Located in Colonial Williamsburg, the Green course comprises 18 out of the 45 holes of golf at the Golden Horseshoe. Rees Jones (son of Robert Trent Jones Sr.) designed and built the course with the help of the local crew, including my new buddy Rick Viancour, long time Golden Horseshoe superintendent. The course winds through a historic area which is preserved for its history. The course is also a Certified Audubon Cooperative Sanctuary, providing a wonderful and beautiful refuge for local creatures and vegetation.
The history of the course isn’t just that of pre civil war Virginia and the burgeoning independence of the USA. The course itself has a wealth of golf history dating back to its opening in 1991, including many famous championships, the making of the Ryder Cup trophy, and the famous 18th hole defeat of Michelle Wie by Ya-Ni Tseng in the 2004 Women’s Amateur Publinks Championship.
The most recent and perhaps most distinguished bit of history for the Green course, is my birdie on the 18th in almost complete darkness. I guess I play better when I can’t see what I’m doing. Hey does that mean I can beat Michelle Wie? I doubt it.
Tee shots at the Green course are very fun and interesting. There are many carries the player must achieve to simply “get” to the fairway. In extremely wet and cold conditions like the day I played, getting to the fairway is an achievement.
The shapes of the holes are distinct and the tee shots for those who can work the ball are very fun.
The landing areas are fairly wide, and slightly errant tee shots will likely catch the shaped hills on either side and stay fairly well in play.
Severely errant tee shots however, will not catch favorable bounces. Miss the fairway by enough, and you’ll probably never find your ball, “hitting three off the tee.”
Approach shots at the Green course are very fun. There are many contours and mounds surrounding the green which will remind the player to hit a solid approach, or end up with a tough chip to save par.
Unless the tee shots are fairly errant, lies in the fairway are generally flat with minimal uneven lies. Approaches from lies other than the fairway however, can be very extreme. Approaches with uphill, side hill, downhill lies are almost guaranteed if the fairway is missed.

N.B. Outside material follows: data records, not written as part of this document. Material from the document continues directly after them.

lemma gamma_score_scale:
  fixes Q c :: "'a \<Rightarrow> real"
  assumes "t > 0" "1 + \<gamma> \<noteq> 0"
  shows "gamma_score A c (\<lambda>a. Q a / t) \<gamma> = gamma_score A c Q \<gamma>"
proof -
  have "(\<Sum>a\<in>A. (Q a / t) powr (1 + \<gamma>)) powr (\<gamma> / (1 + \<gamma>))
      = (\<Sum>a\<in>A. Q a powr (1 + \<gamma>)) powr (\<gamma> / (1 + \<gamma>)) / t powr \<gamma>"
    using assms by (simp add: powr_divide sum_divide_distrib[symmetric] powr_powr)
  moreover have "(\<Sum>a\<in>A. c a * (Q a / t) powr \<gamma>) = (\<Sum>a\<in>A. c a * Q a powr \<gamma>) / t powr \<gamma>"
    by (simp add: powr_divide sum_divide_distrib)
  ultimately show ?thesis
    using assms(1) by (simp add: gamma_score_def)
qed

lemma gamma_score_tendsto_argmax:
  fixes Q c :: "'a \<Rightarrow> real"
  assumes "finite A" "\<forall>a\<in>A. Q a > 0" "m \<in> A" "\<forall>b\<in>A - {m}. Q b < Q m"
  shows "(gamma_score A c Q \<longlongrightarrow> c m) at_top"
proof -
  have Qm: "Q m > 0" using assms(2,3) by blast
  have "(gamma_score A c (\<lambda>a. Q a / Q m) \<longlongrightarrow> c m) at_top"
    using assms Qm by (intro gamma_score_normalized_tendsto) auto
  moreover have "\<forall>\<^sub>F \<gamma> in at_top. gamma_score A c (\<lambda>a. Q a / Q m) \<gamma> = gamma_score A c Q \<gamma>"
    using eventually_gt_at_top[of 0] by eventually_elim (simp add: gamma_score_scale Qm)
  ultimately show ?thesis by (rule Lim_transform_eventually)
qed

lemma powr_le_sum_powr_powr:
  fixes Q :: "'a \<Rightarrow> real"
  assumes "finite A" "\<forall>a\<in>A. Q a > 0" "a \<in> A" "\<gamma> \<ge> 0"
  shows "Q a powr \<gamma> \<le> (\<Sum>b\<in>A. Q b powr (1 + \<gamma>)) powr (\<gamma> / (1 + \<gamma>))"
proof -
  have "Q a powr \<gamma> = (Q a powr (1 + \<gamma>)) powr (\<gamma> / (1 + \<gamma>))"
    using assms(4) by (simp add: powr_powr)
  also have "\<dots> \<le> (\<Sum>b\<in>A. Q b powr (1 + \<gamma>)) powr (\<gamma> / (1 + \<gamma>))"
    using assms by (intro powr_mono2 member_le_sum) auto
  finally show ?thesis .
qed

lemma abs_gamma_score_le:
  fixes Q c :: "'a \<Rightarrow> real"
  assumes "finite A" "\<forall>a\<in>A. Q a > 0" "\<forall>a\<in>A. c a \<ge> 0" "\<gamma> \<ge> 0"
  shows "\<bar>gamma_score A c Q \<gamma>\<bar> \<le> (\<Sum>a\<in>A. c a)"
proof (cases "A = {}")
  case False
  define N where "N = (\<Sum>b\<in>A. Q b powr (1 + \<gamma>)) powr (\<gamma> / (1 + \<gamma>))"
  have le_N: "Q a powr \<gamma> \<le> N" if "a \<in> A" for a
    unfolding N_def using assms(1,2) that assms(4) by (rule powr_le_sum_powr_powr)
  from False obtain a0 where a0: "a0 \<in> A" by blast
  have "0 < Q a0 powr \<gamma>" using assms(2) a0 by fastforce
  also have "\<dots> \<le> N" using a0 by (rule le_N)
  finally have "N > 0" .
  have "gamma_score A c Q \<gamma> = (\<Sum>a\<in>A. c a * (Q a powr \<gamma> / N))"
    by (simp add: gamma_score_def N_def sum_divide_distrib)
  moreover have "(\<Sum>a\<in>A. c a * (Q a powr \<gamma> / N)) \<le> (\<Sum>a\<in>A. c a)"
    using assms(3) le_N \<open>N > 0\<close> by (intro sum_mono mult_right_le_one_le) auto
  moreover have "(\<Sum>a\<in>A. c a * (Q a powr \<gamma> / N)) \<ge> 0"
    using assms(3) \<open>N > 0\<close> by (intro sum_nonneg) auto
  ultimately show ?thesis by simp
qed (simp add: gamma_score_def)

lemma argmax_policy_in:
  assumes "\<exists>!a. a \<in> argmax_set A Q x"
  shows "argmax_policy A Q x \<in> argmax_set A Q x"
  unfolding argmax_policy_def using assms by (rule theI')

lemma argmax_policy_strict_max:
  assumes "\<exists>!a. a \<in> argmax_set A Q x"
  shows "argmax_policy A Q x \<in> A" "\<forall>b\<in>A - {argmax_policy A Q x}. Q x b < Q x (argmax_policy A Q x)"
proof -
  let ?m = "argmax_policy A Q x"
  have m: "?m \<in> argmax_set A Q x" using assms by (rule argmax_policy_in)
  then show "?m \<in> A" by (simp add: argmax_set_def)
  show "\<forall>b\<in>A - {?m}. Q x b < Q x ?m"
  proof
    fix b assume b: "b \<in> A - {?m}"
    have "Q x b \<noteq> Q x ?m"
    proof
      assume "Q x b = Q x ?m"
      with m b have "b \<in> argmax_set A Q x" by (simp add: argmax_set_def)
      with m b assms show False by blast
    qed
    moreover have "Q x b \<le> Q x ?m" using m b by (simp add: argmax_set_def)
    ultimately show "Q x b < Q x ?m" by simp
  qed
qed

The greens at the Golden Horseshoe Green course are fair and not overly undulating. There are no crazy tiers, circus slants or false fronts. Putts roll true and reward good strokes and reads.

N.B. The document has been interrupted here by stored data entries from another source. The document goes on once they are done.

(* Let $n\ge2$, $1\le s\le\lfloor n/2\rfloor$, $0\le t\le\lfloor n/2\rfloor$. Let $E_0\subset\mathbb F_2^s$, $\overline{E_0}=\mathbb F_2^s\setminus E_0$, and $E_1=\overline{E_0}\times\mathbb F_2^t$. Let $\phi_0:E_0\to\mathbb F_2^{n-s}$ and $\phi_1:E_1\to\mathbb F_2^{n-s-t}$ be injective maps. For $X=(x_1,\dots,x_n)\in\mathbb F_2^n$ write $X_{(i,j)}=(x_i,\dots,x_j)$. Define $f:\mathbb F_2^n\to\mathbb F_2$ by $f(X)=\phi_0(X_{(1,s)})\cdot X_{(s+1,n)}$ if $X_{(1,s)}\in E_0$, and $f(X)=\phi_1(X_{(1,s+t)})\cdot X_{(s+t+1,n)}$ if $X_{(1,s+t)}\in E_1$. Let $T_0=\phi_0(E_0)$ and $T_1=\phi_1(E_1)$. Then: (a) if $t\ne0$ and $T_0\subset\mathbb F_2^t\times\overline{T_1}$, where $\overline{T_1}=\mathbb F_2^{n-s-t}\setminus T_1$, then $W_f(\omega)\in\{0,\pm2^{n-s},\pm2^{n-s-t}\}$ for all $\omega\in\mathbb F_2^n$; (b) if $t=0$, $T_0\cap T_1\ne\emptyset$ and $T_0\ne T_1$, then $W_f(\omega)\in\{0,\pm2^{n-s},\pm2^{n-s+1}\}$ for all $\omega\in\mathbb F_2^n$.
   Context: $W_f(\omega)=\sum_{X\in\mathbb F_2^n}(-1)^{f(X)\oplus\omega\cdot X}$, with $\cdot$ the dot product over $\mathbb F_2$. *)

theory Defs
  imports Main
begin

text \<open>Vectors of F_2^k are modelled as boolean lists of length k (True = 1).
  Addition in F_2 is exclusive or, i.e. inequality of booleans.\<close>

definition vecs :: "nat \<Rightarrow> bool list set" where
  "vecs k = {xs. length xs = k}"

definition dotp :: "bool list \<Rightarrow> bool list \<Rightarrow> bool" where
  "dotp xs ys = odd (card {i. i < length xs \<and> i < length ys \<and> xs ! i \<and> ys ! i})"

definition walsh :: "nat \<Rightarrow> (bool list \<Rightarrow> bool) \<Rightarrow> bool list \<Rightarrow> int" where
  "walsh n f \<omega> = (\<Sum>X\<in>vecs n. (-1::int) ^ (if f X \<noteq> dotp \<omega> X then 1 else 0))"

definition E1set :: "nat \<Rightarrow> nat \<Rightarrow> bool list set \<Rightarrow> bool list set" where
  "E1set s t E0 = {u @ v | u v. u \<in> vecs s - E0 \<and> v \<in> vecs t}"

definition fconstr :: "nat \<Rightarrow> nat \<Rightarrow> bool list set \<Rightarrow> (bool list \<Rightarrow> bool list)
    \<Rightarrow> (bool list \<Rightarrow> bool list) \<Rightarrow> bool list \<Rightarrow> bool" where
  "fconstr s t E0 \<phi>0 \<phi>1 X =
     (if take s X \<in> E0 then dotp (\<phi>0 (take s X)) (drop s X)
      else dotp (\<phi>1 (take (s + t) X)) (drop (s + t) X))"

end

theory Submission
  imports Defs
begin

text \<open>Split X = u @ y with u of length s. On a block u \<in> E0 (resp. a block w \<in> E1 of length s+t)
  f is the linear function y \<mapsto> \<phi>0 u \<cdot> y (resp. \<phi>1 w \<cdot> y), so by orthogonality of characters the
  inner sum over y vanishes unless \<phi>0 u (resp. \<phi>1 w) equals the matching tail of \<omega>. Injectivity
  of \<phi>0 and \<phi>1 leaves at most one surviving block of each kind, hence
  W_f(\<omega>) = 2^(n-s) e0 + 2^(n-s-t) e1 with e0, e1 \<in> {-1,0,1}. In (a) the condition on T0 forces
  e1 = 0 whenever e0 \<noteq> 0; in (b) both powers coincide.\<close>

definition bool_sign :: "bool \<Rightarrow> int" where
  "bool_sign b = (if b then -1 else 1)"

lemma power_minus_one_if_eq_bool_sign: "(-1::int) ^ (if P then 1 else 0) = bool_sign P"
  by (simp add: bool_sign_def)

lemma bool_sign_xor: "bool_sign (A \<noteq> B) = bool_sign A * bool_sign B"
  by (auto simp: bool_sign_def)

lemma finite_vecs: "finite (vecs k)"
  using finite_lists_length_eq[of "UNIV::bool set" k] by (simp add: vecs_def)

lemma dotp_Nil: "dotp [] ys = False"
  by (simp add: dotp_def)

lemma dotp_Cons: "dotp (p # ps) (q # qs) = ((p \<and> q) \<noteq> dotp ps qs)"
proof -
  let ?S = "{i. i < length ps \<and> i < length qs \<and> ps ! i \<and> qs ! i}"
  have "{i. i < length (p # ps) \<and> i < length (q # qs) \<and> (p # ps) ! i \<and> (q # qs) ! i}
      = (if p \<and> q then insert 0 (Suc ` ?S) else Suc ` ?S)"
    by (rule set_eqI) (auto simp: nth_Cons split: nat.splits)
  moreover have "card (Suc ` ?S) = card ?S"
    by (simp add: card_image)
  ultimately show ?thesis
    by (auto simp: dotp_def card_insert_if)
qed

lemma dotp_append: "length a = length x \<Longrightarrow> dotp (a @ b) (x @ y) = (dotp a x \<noteq> dotp b y)"
proof (induction a arbitrary: x)
  case Nil
  then show ?case by (simp add: dotp_Nil)
next
  case (Cons p a)
  then obtain q x' where "x = q # x'" "length a = length x'"
    by (cases x) auto
  with Cons show ?case by (auto simp: dotp_Cons)
qed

Grain is definitely a factor on these greens. Occasionally while putting I would run one by why farther than expected, or I’d leave one short when I thought I’d put the right pace on the stroke. Examining the grain of those putts would reveal that I’d been going with or against the grain.

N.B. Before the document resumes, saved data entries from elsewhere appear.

lemma fock_supported_wigner_coeff:
  "fock_supported N X \<Longrightarrow> fock_supported N (wigner_coeff N X)"
  unfolding fock_supported_def wigner_coeff_def by auto

lemma wigner_coeff_diff:
  "wigner_coeff N (\<lambda>j k. X j k - Y j k) a b = wigner_coeff N X a b - wigner_coeff N Y a b"
  unfolding wigner_coeff_def by (simp add: sum_subtractf right_diff_distrib)

lemma wigner_coeff_scale:
  "wigner_coeff N (\<lambda>j k. c * X j k) a b = c * wigner_coeff N X a b"
  unfolding wigner_coeff_def by (simp add: sum_distrib_left algebra_simps)

lemma wigner_coeff_cnj:
  assumes "hermitian_op A"
  shows "cnj (wigner_coeff N A a b) = wigner_coeff N A b a"
proof -
  have "cnj (A (b + i) (a + i)) = A (a + i) (b + i)" for i
    using assms unfolding hermitian_op_def by metis
  then show ?thesis
    unfolding wigner_coeff_def by (simp add: mult.commute[of "fact (a + _)"])
qed

text \<open>The coefficient of index (a, b) is sqrt(a! b!) X b a plus entries of X further down the
  diagonal, so the coefficients determine X by descending induction on the diagonal.\<close>

lemma wigner_coeff_eq_0_iff:
  assumes "fock_supported N X"
  shows "(\<forall>a b. wigner_coeff N X a b = 0) \<longleftrightarrow> X = (\<lambda>j k. 0)"
proof
  assume C0: "\<forall>a b. wigner_coeff N X a b = 0"
  have "\<forall>a b. N < a + n \<longrightarrow> X b a = 0" for n
  proof (induction n)
    case 0
    then show ?case using assms unfolding fock_supported_def by auto
  next
    case (Suc n)
    show ?case
    proof (intro allI impI)
      fix a b assume "N < a + Suc n"
      then have tail: "(\<Sum>i<N. complex_of_real ((-1) ^ Suc i / fact (Suc i) *
          sqrt (fact (a + Suc i) * fact (b + Suc i))) * X (b + Suc i) (a + Suc i)) = 0"
        using Suc.IH by (intro sum.neutral) auto
      have "0 = wigner_coeff N X a b" using C0 by simp
      also have "\<dots> = complex_of_real (sqrt (fact a * fact b)) * X b a"
        unfolding wigner_coeff_def sum.atMost_shift tail by simp
      finally show "X b a = 0" by simp
    qed
  qed
  from this[of "Suc N"] show "X = (\<lambda>j k. 0)" by (auto intro!: ext)
qed (simp add: wigner_coeff_def)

The complexes around the greens at the Green course are very interesting and challenging. Many hills, bunkers shaping creates all sorts of opportunities for difficult chips. Getting up and down on this course with slight misses around the greens is no picnic. The shaping around the greens calls for creativity and precise execution.
The Green course has every amenity a golfer may need, from a great practice facility to a well stocked pro shop. The on-course snack bars have friendly staff and carry many tasty food items and beverages. The ham and cheddar was tasty.
Ryder Cup Bar
Trivia time. Any idea where Ryder Cup trophies are made? Stop by for a drink at the Ryder Cup Bar, located in the clubhouse at the green course and you might figure it out.
The staff can really make a big difference with the experience a golfer has at a golf course or resort. Rounds on the best courses in the world can be ruined by grouchy or inattentive staff. No worries at Golden Horseshoe.
I had the pleasure of playing golf on the Green course with long time director of golf Glen Byrnes. Glenn is a special guy who has probably one of the best jobs in all of golf. Glen’s passion for the game and for his golf courses is unsurpassed, and he’s one heck of a player too. I was happy to tie him in a game of “seven” on the putting green. I think he let me off easy.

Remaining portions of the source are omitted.